------ Data excerpts ------
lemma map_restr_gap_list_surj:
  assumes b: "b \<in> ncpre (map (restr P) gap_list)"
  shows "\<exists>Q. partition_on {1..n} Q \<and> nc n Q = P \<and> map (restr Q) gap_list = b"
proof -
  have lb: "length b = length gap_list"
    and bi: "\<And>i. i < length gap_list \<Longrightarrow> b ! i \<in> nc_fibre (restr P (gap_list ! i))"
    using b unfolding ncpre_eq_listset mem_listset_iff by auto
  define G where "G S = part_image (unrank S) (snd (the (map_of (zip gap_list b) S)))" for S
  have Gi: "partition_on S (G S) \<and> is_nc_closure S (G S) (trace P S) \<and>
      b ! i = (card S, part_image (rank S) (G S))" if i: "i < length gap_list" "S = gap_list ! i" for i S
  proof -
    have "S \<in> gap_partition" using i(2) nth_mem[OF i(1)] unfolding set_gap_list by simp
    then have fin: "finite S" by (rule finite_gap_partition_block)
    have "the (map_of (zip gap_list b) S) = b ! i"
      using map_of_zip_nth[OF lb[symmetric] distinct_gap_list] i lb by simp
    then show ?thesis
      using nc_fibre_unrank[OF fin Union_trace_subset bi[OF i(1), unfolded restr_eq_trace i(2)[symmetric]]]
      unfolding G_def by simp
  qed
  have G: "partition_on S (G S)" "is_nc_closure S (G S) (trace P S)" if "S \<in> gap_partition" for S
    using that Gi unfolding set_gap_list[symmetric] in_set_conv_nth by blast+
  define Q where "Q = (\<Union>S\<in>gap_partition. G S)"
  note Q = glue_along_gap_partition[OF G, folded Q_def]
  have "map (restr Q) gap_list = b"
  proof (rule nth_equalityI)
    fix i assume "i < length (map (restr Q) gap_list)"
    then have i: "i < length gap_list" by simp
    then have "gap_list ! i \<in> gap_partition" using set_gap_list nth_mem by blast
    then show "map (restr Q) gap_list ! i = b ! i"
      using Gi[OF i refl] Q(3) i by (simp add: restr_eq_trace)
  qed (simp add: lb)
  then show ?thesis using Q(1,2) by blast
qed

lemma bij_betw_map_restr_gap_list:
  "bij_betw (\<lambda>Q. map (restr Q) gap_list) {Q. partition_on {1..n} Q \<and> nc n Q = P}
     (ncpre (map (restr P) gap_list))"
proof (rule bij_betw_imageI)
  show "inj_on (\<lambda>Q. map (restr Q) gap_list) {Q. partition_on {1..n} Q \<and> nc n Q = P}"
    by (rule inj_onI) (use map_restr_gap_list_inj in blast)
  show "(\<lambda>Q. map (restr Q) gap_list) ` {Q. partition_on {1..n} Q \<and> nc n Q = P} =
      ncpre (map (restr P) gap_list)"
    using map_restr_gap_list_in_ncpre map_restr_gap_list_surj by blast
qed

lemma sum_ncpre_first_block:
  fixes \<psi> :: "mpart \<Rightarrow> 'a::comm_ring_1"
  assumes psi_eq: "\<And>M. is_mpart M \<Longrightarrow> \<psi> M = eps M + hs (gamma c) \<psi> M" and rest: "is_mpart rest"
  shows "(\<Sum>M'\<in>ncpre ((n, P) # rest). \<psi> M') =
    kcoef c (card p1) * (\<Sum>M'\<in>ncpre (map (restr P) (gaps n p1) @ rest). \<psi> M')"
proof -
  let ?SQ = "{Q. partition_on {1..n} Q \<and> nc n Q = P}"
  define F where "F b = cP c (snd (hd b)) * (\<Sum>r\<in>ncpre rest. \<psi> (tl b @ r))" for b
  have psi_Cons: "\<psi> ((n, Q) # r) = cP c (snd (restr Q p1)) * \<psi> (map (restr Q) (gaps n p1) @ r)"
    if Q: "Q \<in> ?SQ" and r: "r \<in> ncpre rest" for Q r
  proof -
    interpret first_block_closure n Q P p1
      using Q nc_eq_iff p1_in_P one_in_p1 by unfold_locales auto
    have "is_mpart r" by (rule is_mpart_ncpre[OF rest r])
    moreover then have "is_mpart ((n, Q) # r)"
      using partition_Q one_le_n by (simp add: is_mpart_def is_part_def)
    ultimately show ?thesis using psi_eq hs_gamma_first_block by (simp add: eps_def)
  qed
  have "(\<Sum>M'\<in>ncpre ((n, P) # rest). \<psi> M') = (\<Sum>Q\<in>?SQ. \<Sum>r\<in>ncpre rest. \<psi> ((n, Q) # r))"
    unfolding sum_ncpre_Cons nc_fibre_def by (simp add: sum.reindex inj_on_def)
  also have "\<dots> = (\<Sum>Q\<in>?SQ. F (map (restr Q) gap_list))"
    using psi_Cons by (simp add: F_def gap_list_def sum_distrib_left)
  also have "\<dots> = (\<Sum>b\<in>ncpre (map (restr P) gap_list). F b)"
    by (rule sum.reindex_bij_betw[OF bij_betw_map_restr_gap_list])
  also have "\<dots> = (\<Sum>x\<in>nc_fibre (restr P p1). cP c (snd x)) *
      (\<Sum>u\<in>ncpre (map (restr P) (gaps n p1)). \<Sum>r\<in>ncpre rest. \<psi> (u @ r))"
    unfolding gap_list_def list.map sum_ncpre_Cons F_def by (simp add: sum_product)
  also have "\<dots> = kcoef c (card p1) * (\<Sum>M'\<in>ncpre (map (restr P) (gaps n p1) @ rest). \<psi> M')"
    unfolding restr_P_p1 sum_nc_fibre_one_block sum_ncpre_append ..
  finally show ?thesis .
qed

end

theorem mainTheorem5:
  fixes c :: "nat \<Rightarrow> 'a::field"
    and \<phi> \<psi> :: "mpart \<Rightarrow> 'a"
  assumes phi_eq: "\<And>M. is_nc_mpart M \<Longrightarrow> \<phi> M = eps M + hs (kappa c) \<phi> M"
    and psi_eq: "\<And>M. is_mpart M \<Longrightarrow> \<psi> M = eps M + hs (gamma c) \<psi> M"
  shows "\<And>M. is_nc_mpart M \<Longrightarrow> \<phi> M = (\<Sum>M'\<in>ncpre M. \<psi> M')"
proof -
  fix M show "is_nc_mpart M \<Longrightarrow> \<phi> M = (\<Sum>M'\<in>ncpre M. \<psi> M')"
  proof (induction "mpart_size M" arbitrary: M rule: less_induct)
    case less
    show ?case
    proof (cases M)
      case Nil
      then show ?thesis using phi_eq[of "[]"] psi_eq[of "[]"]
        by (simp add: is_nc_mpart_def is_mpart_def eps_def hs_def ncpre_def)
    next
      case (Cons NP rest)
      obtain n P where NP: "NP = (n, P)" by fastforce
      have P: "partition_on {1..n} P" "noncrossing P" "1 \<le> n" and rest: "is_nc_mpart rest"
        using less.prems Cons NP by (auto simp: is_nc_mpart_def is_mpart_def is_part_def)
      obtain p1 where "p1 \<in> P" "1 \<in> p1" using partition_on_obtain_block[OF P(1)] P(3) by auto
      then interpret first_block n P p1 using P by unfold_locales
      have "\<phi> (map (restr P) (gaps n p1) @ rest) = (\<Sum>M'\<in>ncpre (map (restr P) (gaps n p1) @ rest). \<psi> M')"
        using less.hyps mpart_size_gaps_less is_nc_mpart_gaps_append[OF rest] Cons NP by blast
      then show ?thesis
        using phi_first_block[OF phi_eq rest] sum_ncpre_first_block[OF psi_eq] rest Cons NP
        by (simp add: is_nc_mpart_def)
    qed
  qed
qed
------
------ Data excerpts ------
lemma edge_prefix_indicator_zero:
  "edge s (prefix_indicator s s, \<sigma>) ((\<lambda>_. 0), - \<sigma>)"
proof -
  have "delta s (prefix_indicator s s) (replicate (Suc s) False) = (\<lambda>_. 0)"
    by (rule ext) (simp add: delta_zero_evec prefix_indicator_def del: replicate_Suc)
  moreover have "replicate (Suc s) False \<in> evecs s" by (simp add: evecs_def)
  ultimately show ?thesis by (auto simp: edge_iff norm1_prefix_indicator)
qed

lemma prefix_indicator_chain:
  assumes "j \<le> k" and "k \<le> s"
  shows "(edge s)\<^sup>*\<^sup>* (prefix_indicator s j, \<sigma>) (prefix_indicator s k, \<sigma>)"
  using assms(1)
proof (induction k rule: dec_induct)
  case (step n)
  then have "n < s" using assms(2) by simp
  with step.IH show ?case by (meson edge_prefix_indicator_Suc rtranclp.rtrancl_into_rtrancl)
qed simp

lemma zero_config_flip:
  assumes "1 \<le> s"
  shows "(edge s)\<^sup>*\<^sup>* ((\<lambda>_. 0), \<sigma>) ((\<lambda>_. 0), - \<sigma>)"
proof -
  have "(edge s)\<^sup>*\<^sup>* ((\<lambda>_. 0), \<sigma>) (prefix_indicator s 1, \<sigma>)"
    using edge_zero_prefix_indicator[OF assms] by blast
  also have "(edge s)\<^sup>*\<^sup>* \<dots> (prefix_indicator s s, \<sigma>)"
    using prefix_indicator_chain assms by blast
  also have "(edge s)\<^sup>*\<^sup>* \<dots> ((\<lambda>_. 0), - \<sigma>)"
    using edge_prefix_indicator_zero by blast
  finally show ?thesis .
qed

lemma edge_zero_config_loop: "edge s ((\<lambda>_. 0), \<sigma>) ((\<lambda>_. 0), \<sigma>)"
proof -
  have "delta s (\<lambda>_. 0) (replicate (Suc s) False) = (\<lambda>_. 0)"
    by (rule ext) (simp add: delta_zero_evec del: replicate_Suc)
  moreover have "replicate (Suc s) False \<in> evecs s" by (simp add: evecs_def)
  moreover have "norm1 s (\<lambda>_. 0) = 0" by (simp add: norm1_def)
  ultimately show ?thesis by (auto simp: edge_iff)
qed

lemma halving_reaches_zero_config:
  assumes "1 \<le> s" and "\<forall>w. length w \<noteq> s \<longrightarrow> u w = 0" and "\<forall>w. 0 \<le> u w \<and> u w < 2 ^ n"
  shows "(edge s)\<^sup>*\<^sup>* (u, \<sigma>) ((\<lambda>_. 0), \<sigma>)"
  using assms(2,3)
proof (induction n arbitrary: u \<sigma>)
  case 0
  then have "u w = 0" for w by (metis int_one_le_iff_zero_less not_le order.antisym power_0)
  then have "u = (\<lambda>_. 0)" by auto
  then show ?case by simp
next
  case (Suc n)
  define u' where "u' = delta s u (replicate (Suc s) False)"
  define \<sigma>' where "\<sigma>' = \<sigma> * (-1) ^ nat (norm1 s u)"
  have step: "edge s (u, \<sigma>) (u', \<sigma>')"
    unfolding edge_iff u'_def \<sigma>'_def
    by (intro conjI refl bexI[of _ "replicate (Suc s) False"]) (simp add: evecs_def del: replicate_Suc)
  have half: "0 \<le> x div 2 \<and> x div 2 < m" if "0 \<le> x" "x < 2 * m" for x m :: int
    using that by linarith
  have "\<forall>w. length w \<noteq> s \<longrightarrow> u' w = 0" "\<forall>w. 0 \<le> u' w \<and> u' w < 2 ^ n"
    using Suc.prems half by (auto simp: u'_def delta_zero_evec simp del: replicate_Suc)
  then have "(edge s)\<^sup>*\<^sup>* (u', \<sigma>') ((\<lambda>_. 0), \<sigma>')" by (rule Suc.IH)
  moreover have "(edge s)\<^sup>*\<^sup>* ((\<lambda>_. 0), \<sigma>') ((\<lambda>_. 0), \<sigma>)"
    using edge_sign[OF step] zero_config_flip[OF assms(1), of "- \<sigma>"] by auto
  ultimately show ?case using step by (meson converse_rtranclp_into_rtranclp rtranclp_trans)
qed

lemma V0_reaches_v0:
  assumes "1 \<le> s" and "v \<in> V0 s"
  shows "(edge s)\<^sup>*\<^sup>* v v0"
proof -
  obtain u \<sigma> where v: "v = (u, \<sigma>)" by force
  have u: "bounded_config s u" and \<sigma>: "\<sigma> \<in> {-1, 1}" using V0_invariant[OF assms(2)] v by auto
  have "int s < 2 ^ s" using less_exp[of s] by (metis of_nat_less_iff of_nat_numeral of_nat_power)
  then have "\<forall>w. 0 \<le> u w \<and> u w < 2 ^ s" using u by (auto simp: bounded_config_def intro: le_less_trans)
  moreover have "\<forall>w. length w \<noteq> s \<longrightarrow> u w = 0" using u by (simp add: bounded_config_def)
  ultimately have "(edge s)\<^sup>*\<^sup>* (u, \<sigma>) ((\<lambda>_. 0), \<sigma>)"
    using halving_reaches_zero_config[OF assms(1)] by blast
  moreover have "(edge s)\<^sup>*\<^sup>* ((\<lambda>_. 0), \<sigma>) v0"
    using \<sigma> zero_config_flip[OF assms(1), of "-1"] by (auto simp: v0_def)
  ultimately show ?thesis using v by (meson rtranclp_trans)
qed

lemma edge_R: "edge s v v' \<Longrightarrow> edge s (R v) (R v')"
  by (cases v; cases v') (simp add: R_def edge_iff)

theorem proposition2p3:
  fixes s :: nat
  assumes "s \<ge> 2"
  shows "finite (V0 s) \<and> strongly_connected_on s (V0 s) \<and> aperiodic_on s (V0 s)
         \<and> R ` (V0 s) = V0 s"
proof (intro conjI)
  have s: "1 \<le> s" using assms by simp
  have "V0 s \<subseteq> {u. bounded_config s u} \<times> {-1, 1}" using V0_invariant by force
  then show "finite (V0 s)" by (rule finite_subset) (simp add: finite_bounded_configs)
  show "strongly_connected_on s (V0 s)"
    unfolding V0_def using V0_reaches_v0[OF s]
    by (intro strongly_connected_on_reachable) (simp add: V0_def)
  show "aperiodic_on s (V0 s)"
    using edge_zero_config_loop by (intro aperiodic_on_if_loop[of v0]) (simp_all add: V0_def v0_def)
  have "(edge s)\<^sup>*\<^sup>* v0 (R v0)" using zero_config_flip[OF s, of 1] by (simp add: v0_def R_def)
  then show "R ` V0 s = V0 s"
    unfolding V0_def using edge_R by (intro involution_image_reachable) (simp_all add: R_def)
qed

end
------
Would you copy, unchanged, the stretch of the records above that begins at the line containing "bounded_config_def intro: le_less_trans)" and ends at the line containing "unfolding V0_def using V0_reaches_v0[OF", and only that?

** Solution **
  then have "\<forall>w. 0 \<le> u w \<and> u w < 2 ^ s" using u by (auto simp: bounded_config_def intro: le_less_trans)
  moreover have "\<forall>w. length w \<noteq> s \<longrightarrow> u w = 0" using u by (simp add: bounded_config_def)
  ultimately have "(edge s)\<^sup>*\<^sup>* (u, \<sigma>) ((\<lambda>_. 0), \<sigma>)"
    using halving_reaches_zero_config[OF assms(1)] by blast
  moreover have "(edge s)\<^sup>*\<^sup>* ((\<lambda>_. 0), \<sigma>) v0"
    using \<sigma> zero_config_flip[OF assms(1), of "-1"] by (auto simp: v0_def)
  ultimately show ?thesis using v by (meson rtranclp_trans)
qed

lemma edge_R: "edge s v v' \<Longrightarrow> edge s (R v) (R v')"
  by (cases v; cases v') (simp add: R_def edge_iff)

theorem proposition2p3:
  fixes s :: nat
  assumes "s \<ge> 2"
  shows "finite (V0 s) \<and> strongly_connected_on s (V0 s) \<and> aperiodic_on s (V0 s)
         \<and> R ` (V0 s) = V0 s"
proof (intro conjI)
  have s: "1 \<le> s" using assms by simp
  have "V0 s \<subseteq> {u. bounded_config s u} \<times> {-1, 1}" using V0_invariant by force
  then show "finite (V0 s)" by (rule finite_subset) (simp add: finite_bounded_configs)
  show "strongly_connected_on s (V0 s)"
    unfolding V0_def using V0_reaches_v0[OF s]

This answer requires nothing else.